Stored items
BEGIN
lemma cup_step_of_emptied_set:
  assumes len: "length v = length x" and sum: "sum_list v = sum_list x"
    and P: "P \<subseteq> {..<length x}" "P \<noteq> {}"
    and emptied: "\<And>i. i \<in> P \<Longrightarrow> x ! i - 1 \<le> v ! i \<and> v ! i \<le> x ! i"
    and kept: "\<And>i. i < length x \<Longrightarrow> i \<notin> P \<Longrightarrow> x ! i \<le> v ! i \<and> v ! i \<le> x ! i + 1"
    and greedy: "\<And>i j. i \<in> P \<Longrightarrow> j < length x \<Longrightarrow> j \<notin> P \<Longrightarrow> v ! j \<le> v ! i + 1"
  shows "cup_step x v"
proof -
  let ?n = "length x"
  define a where "a = map (\<lambda>i. v ! i - x ! i + (if i \<in> P then 1 else 0)) [0..<?n]"
  have a_nth: "a ! i = v ! i - x ! i + (if i \<in> P then 1 else 0)" if "i < ?n" for i
    using that by (simp add: a_def)
  have "sum_list a = (\<Sum>i<?n. v ! i - x ! i) + real (card P)"
    using P(1) by (simp add: a_def sum_list_sum_nth atLeast0LessThan sum.distrib sum.If_cases Int_absorb1)
  also have "(\<Sum>i<?n. v ! i - x ! i) = 0"
    using sum len by (simp add: sum_subtractf sum_list_sum_nth atLeast0LessThan)
  finally have "filler_move ?n (card P) a"
    using P emptied kept a_nth card_mono[OF _ P(1)] finite_subset[OF P(1)]
    by (force simp: filler_move_def a_def Suc_le_eq card_gt_0_iff)
  moreover have "greedy_empty (card P) (map2 (+) x a) v"
    unfolding greedy_empty_def
  proof (intro exI[of _ P] conjI ballI)
    show "P \<subseteq> {..<length (map2 (+) x a)}"
      using P(1) by (simp add: a_def)
    show "v = map (\<lambda>i. map2 (+) x a ! i - (if i \<in> P then 1 else 0)) [0..<length (map2 (+) x a)]"
      using len by (intro nth_equalityI) (auto simp: a_def)
  next
    fix i j assume "i \<in> P" "j \<in> {..<length (map2 (+) x a)} - P"
    then show "map2 (+) x a ! j \<le> map2 (+) x a ! i"
      using P(1) greedy[of i j] by (auto simp: a_def)
  qed simp
  ultimately show ?thesis
    unfolding cup_step_def by blast
qed

lemma cup_step_refl:
  assumes "0 < length x"
  shows "cup_step x x"
proof -
  have "filler_move (length x) (length x) (replicate (length x) 1)"
    using assms by (simp add: filler_move_def sum_list_replicate Suc_le_eq)
  moreover have "greedy_empty (length x) (map2 (+) x (replicate (length x) 1)) x"
    unfolding greedy_empty_def by (intro exI[of _ "{..<length x}"]) (auto intro!: nth_equalityI)
  ultimately show ?thesis
    unfolding cup_step_def by blast
qed

lemma cup_step_of_threshold:
  assumes len: "length v = length x" "0 < length x" and sum: "sum_list v = sum_list x"
    and moved: "\<And>i. i < length x \<Longrightarrow>
      v ! i = x ! i \<or> (c - 1 \<le> x ! i \<and> x ! i \<le> c \<and> c - 1 \<le> v ! i \<and> v ! i \<le> c)"
  shows "cup_step x v"
proof (cases "\<exists>i<length x. c - 1 \<le> v ! i \<and> v ! i \<le> x ! i")
  case True
  define P where "P = {i. i < length x \<and> c - 1 \<le> v ! i \<and> v ! i \<le> x ! i}"
  show ?thesis
  proof (rule cup_step_of_emptied_set[OF len(1) sum, of P])
    show "P \<subseteq> {..<length x}" "P \<noteq> {}"
      using True by (auto simp: P_def)
    show "x ! i - 1 \<le> v ! i \<and> v ! i \<le> x ! i" if "i \<in> P" for i
      using moved[of i] that by (auto simp: P_def)
    show "x ! i \<le> v ! i \<and> v ! i \<le> x ! i + 1" if "i < length x" "i \<notin> P" for i
      using moved[OF that(1)] that by (auto simp: P_def)
    show "v ! j \<le> v ! i + 1" if "i \<in> P" "j < length x" "j \<notin> P" for i j
      using moved[OF that(2)] that by (auto simp: P_def)
  qed
next
  case False
  \<comment> \<open>No cup lost fill, so the equal sums force \<open>v = x\<close>.\<close>
  then have "\<forall>i\<in>{..<length x}. v ! i - x ! i = 0"
    using moved sum len(1)
    by (subst sum_nonneg_eq_0_iff[symmetric]) (force simp: sum_subtractf sum_list_sum_nth atLeast0LessThan)+
  then have "v = x"
    using len(1) by (intro nth_equalityI) auto
  then show ?thesis
    using cup_step_refl[OF len(2)] by simp
qed

section \<open>Threshold bounds\<close>

lemma sum_lessThan_split:
  fixes f :: "nat \<Rightarrow> 'a::comm_monoid_add"
  assumes "k \<le> m"
  shows "(\<Sum>j<m. f j) = (\<Sum>j<k. f j) + (\<Sum>j\<in>{k..<m}. f j)"
  using assms by (simp add: lessThan_atLeast0 sum.atLeastLessThan_concat)

lemma downward_closed_initial_segment:
  fixes n :: nat
  assumes closed: "\<And>i j. i \<le> j \<Longrightarrow> j < n \<Longrightarrow> P j \<Longrightarrow> P i"
  obtains k where "k \<le> n" "\<And>j. j < k \<Longrightarrow> P j" "\<And>j. k \<le> j \<Longrightarrow> j < n \<Longrightarrow> \<not> P j"
proof (cases "\<forall>j<n. P j")
  case True
  show ?thesis
    by (rule that[of n]) (use True in auto)
next
  case False
  define k where "k = (LEAST j. j < n \<and> \<not> P j)"
  have k: "k < n" "\<not> P k"
    using False LeastI_ex[of "\<lambda>j. j < n \<and> \<not> P j"] unfolding k_def by auto
  have "P j" if "j < k" for j
    using not_less_Least[of j "\<lambda>j. j < n \<and> \<not> P j"] that k unfolding k_def by auto
  moreover have "\<not> P j" if "k \<le> j" "j < n" for j
    using closed[OF that] k by blast
  ultimately show ?thesis
    using that[of k] k(1) by simp
qed

text \<open>If every cup of \<open>y'\<close> satisfies \<open>min (y ! i) (c - 1) \<le> y' ! i \<le> max (y ! i) c\<close>, then any
  \<open>m\<close> of its cups sum to at most \<open>raised_sum y c m\<close>, and also, being the total minus the other
  cups, each of which holds at least \<open>min (y ! j) (c - 1)\<close>, to at most \<open>lowered_sum y c m\<close>.\<close>

definition raised_sum :: "real list \<Rightarrow> real \<Rightarrow> nat \<Rightarrow> real" where
  "raised_sum x c m = (\<Sum>j<m. max (x ! j) c)"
END
Your objective:
Given the data above, transcribe exactly the lines from the one containing "proof (intro exI[of _ P] conjI ballI)" down to the one containing "(length x) (map2", and no others.

Exercise output:
  proof (intro exI[of _ P] conjI ballI)
    show "P \<subseteq> {..<length (map2 (+) x a)}"
      using P(1) by (simp add: a_def)
    show "v = map (\<lambda>i. map2 (+) x a ! i - (if i \<in> P then 1 else 0)) [0..<length (map2 (+) x a)]"
      using len by (intro nth_equalityI) (auto simp: a_def)
  next
    fix i j assume "i \<in> P" "j \<in> {..<length (map2 (+) x a)} - P"
    then show "map2 (+) x a ! j \<le> map2 (+) x a ! i"
      using P(1) greedy[of i j] by (auto simp: a_def)
  qed simp
  ultimately show ?thesis
    unfolding cup_step_def by blast
qed

lemma cup_step_refl:
  assumes "0 < length x"
  shows "cup_step x x"
proof -
  have "filler_move (length x) (length x) (replicate (length x) 1)"
    using assms by (simp add: filler_move_def sum_list_replicate Suc_le_eq)
  moreover have "greedy_empty (length x) (map2 (+) x (replicate (length x) 1)) x"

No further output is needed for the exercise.